A collaboration between scientists from Dublin’s Trinity College (Ireland) and the University of Queensland (Australia) identified a compound able to inhibit an inflammatory process common to many diseases, including Alzheimer’s disease. The study entitled “A small-molecule inhibitor of the NLRP3 inflammasome for the treatment of inflammatory diseases” was published on line in the journal Nature Medicine.
Pathogenesis of several diseases, including Alzheimer’s, have a strong inflammatory component. Inflammatory processes can be triggered by molecules of the NOD-like receptor (NLR) family such as NLRP3. Once activated, this molecule leads to a cascade of events known as the NLRP3 inflammasome that ultimately causes the production of inflammatory factors. Aberrant activation of NLRP3 is responsible for increased inflammatory responses in complex diseases such as multiple sclerosis, Muckle-Wells syndrome, type 2 diabetes, Alzheimer’s disease and atherosclerosis.
Targeting this molecule can overcome the side effects of other anti-inflammatory drugs commonly used: “Drugs like aspirin or steroids can work in several diseases, but can have side effects or be ineffective. What we have found is a potentially transformative medicine, which targets what appears to be the common disease-causing process in a myriad of inflammatory diseases,” said Luke A J O’Neill, one of the team leaders.

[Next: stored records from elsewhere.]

lemma circulation_step:
  fixes y w d :: "'r \<Rightarrow> 'c \<Rightarrow> real"
  assumes "finite R" and "finite Cl" and nonneg: "\<forall>r\<in>R. \<forall>c\<in>Cl. 0 \<le> y r c"
    and rows: "\<forall>r\<in>R. (\<Sum>c\<in>Cl. d r c) = 0" and cols: "\<forall>c\<in>Cl. (\<Sum>r\<in>R. d r c) = 0"
    and support: "\<forall>r c. d r c \<noteq> 0 \<longrightarrow> (r, c) \<in> nonintegral_cells R Cl y"
    and "\<exists>r c. d r c \<noteq> 0"
  shows "\<exists>y'. (\<forall>r\<in>R. \<forall>c\<in>Cl. 0 \<le> y' r c) \<and>
    (\<forall>r\<in>R. (\<Sum>c\<in>Cl. y' r c) = (\<Sum>c\<in>Cl. y r c)) \<and>
    (\<forall>c\<in>Cl. (\<Sum>r\<in>R. y' r c) = (\<Sum>r\<in>R. y r c)) \<and>
    (\<Sum>r\<in>R. \<Sum>c\<in>Cl. w r c * y' r c) \<le> (\<Sum>r\<in>R. \<Sum>c\<in>Cl. w r c * y r c) \<and>
    nonintegral_cells R Cl y' \<subset> nonintegral_cells R Cl y"
proof -
  txt \<open>The sign s orients d so that moving along it does not increase the cost.\<close>
  define s :: real where "s = (if (\<Sum>r\<in>R. \<Sum>c\<in>Cl. w r c * d r c) \<le> 0 then 1 else -1)"
  have "s \<noteq> 0" and s_cost: "s * (\<Sum>r\<in>R. \<Sum>c\<in>Cl. w r c * d r c) \<le> 0"
    unfolding s_def by auto
  define T where "T = {(r, c). d r c \<noteq> 0}"
  have T_sub: "T \<subseteq> nonintegral_cells R Cl y" using support unfolding T_def by auto
  then have "finite T"
    using finite_nonintegral_cells[OF \<open>finite R\<close> \<open>finite Cl\<close>] by (rule finite_subset)
  obtain t where "t > 0"
    and bounds: "\<forall>(r, c)\<in>T. of_int \<lfloor>y r c\<rfloor> \<le> y r c + t * (s * d r c)"
    and hit: "\<exists>(r, c)\<in>T. y r c + t * (s * d r c) \<in> \<int>"
    using exists_step_to_integer[OF \<open>finite T\<close>, of "case_prod y" "\<lambda>(r, c). s * d r c"]
      \<open>\<exists>r c. d r c \<noteq> 0\<close> T_sub \<open>s \<noteq> 0\<close>
    unfolding T_def nonintegral_cells_def by fastforce
  define y' where "y' r c = y r c + t * (s * d r c)" for r c
  have "0 \<le> y' r c" if "r \<in> R" "c \<in> Cl" for r c
  proof (cases "d r c = 0")
    case False
    then have "of_int \<lfloor>y r c\<rfloor> \<le> y' r c" using bounds unfolding T_def y'_def by auto
    moreover have "0 \<le> \<lfloor>y r c\<rfloor>" using nonneg that by simp
    ultimately show ?thesis by linarith
  qed (use nonneg that y'_def in auto)
  moreover have "\<forall>r\<in>R. (\<Sum>c\<in>Cl. y' r c) = (\<Sum>c\<in>Cl. y r c)"
    using rows unfolding y'_def by (simp add: sum.distrib sum_distrib_left[symmetric])
  moreover have "\<forall>c\<in>Cl. (\<Sum>r\<in>R. y' r c) = (\<Sum>r\<in>R. y r c)"
    using cols unfolding y'_def by (simp add: sum.distrib sum_distrib_left[symmetric])
  moreover have "(\<Sum>r\<in>R. \<Sum>c\<in>Cl. w r c * y' r c)
      = (\<Sum>r\<in>R. \<Sum>c\<in>Cl. w r c * y r c) + t * (s * (\<Sum>r\<in>R. \<Sum>c\<in>Cl. w r c * d r c))"
    unfolding y'_def by (simp add: algebra_simps sum.distrib sum_distrib_left)
  moreover have "t * (s * (\<Sum>r\<in>R. \<Sum>c\<in>Cl. w r c * d r c)) \<le> 0"
    using \<open>t > 0\<close> s_cost by (simp add: mult_nonneg_nonpos)
  moreover have "nonintegral_cells R Cl y' \<subseteq> nonintegral_cells R Cl y"
    using support unfolding nonintegral_cells_def y'_def by force
  moreover have "\<not> nonintegral_cells R Cl y \<subseteq> nonintegral_cells R Cl y'"
    using hit T_sub unfolding nonintegral_cells_def y'_def by fastforce
  ultimately show ?thesis by (intro exI[of _ y']) auto
qed

lemma Ints_sum_imp_Ints:
  assumes "finite A" and "a \<in> A" and "sum f A \<in> \<int>" and "\<And>b. b \<in> A - {a} \<Longrightarrow> f b \<in> \<int>"
  shows "f a \<in> \<int>"
proof -
  have "f a = sum f A - sum f (A - {a})"
    using assms(1,2) by (simp add: sum.remove)
  moreover have "sum f (A - {a}) \<in> \<int>" using assms(4) by (rule Ints_sum)
  ultimately show ?thesis using assms(3) by (simp add: Ints_diff)
qed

Previous studies identified NLRP3 inhibitors, though neither very potent nor specific. This research team now identified a specific inhibitor of NLRP3 inflammasome, the molecule MCC950. They observed that it inhibits NLRP3 in mouse models of multiple sclerosis with consequent attenuation of disease progression. MCC950 also blocks production of inflammatory factors in blood samples from patients with a severe inflammatory disorder, Muckle-Wells syndrome. These results demonstrated the pharmaceutical potential of this specific NLRP3 inhibitor.
“MCC950 is blocking what was suspected to be a key process in inflammation. There is huge interest in NLRP3 both among medical researchers and pharmaceutical companies and we feel our work makes a significant contribution to the efforts to find new medicines to limit it,” said Rebecca Coll, the paper’s first author.
The researchers were able to demonstrate the potential of MCC950 in multiple sclerosis, an inflammatory disease of the central nervous system (CNS). However, the target for MCC950 is strongly implicated in other diseases of the CNS such as Alzheimer’s and Parkinson’s diseases indicating that it has the potential to treat all of these conditions. The fact that MCC950 can be orally administered further enhances the potential of this molecule as a therapeutic drug.
“MCC950 is able to be given orally and will be cheaper to produce than current protein-based treatments, which are given daily, weekly, or monthly by injection. Importantly, it will also have a shorter duration in the body, allowing clinicians to stop the anti-inflammatory action of the drug if the patient ever needed to switch their immune response back to 100% in order to clear an infection.” said Matt Cooper, chemist and also co-senior author in this study.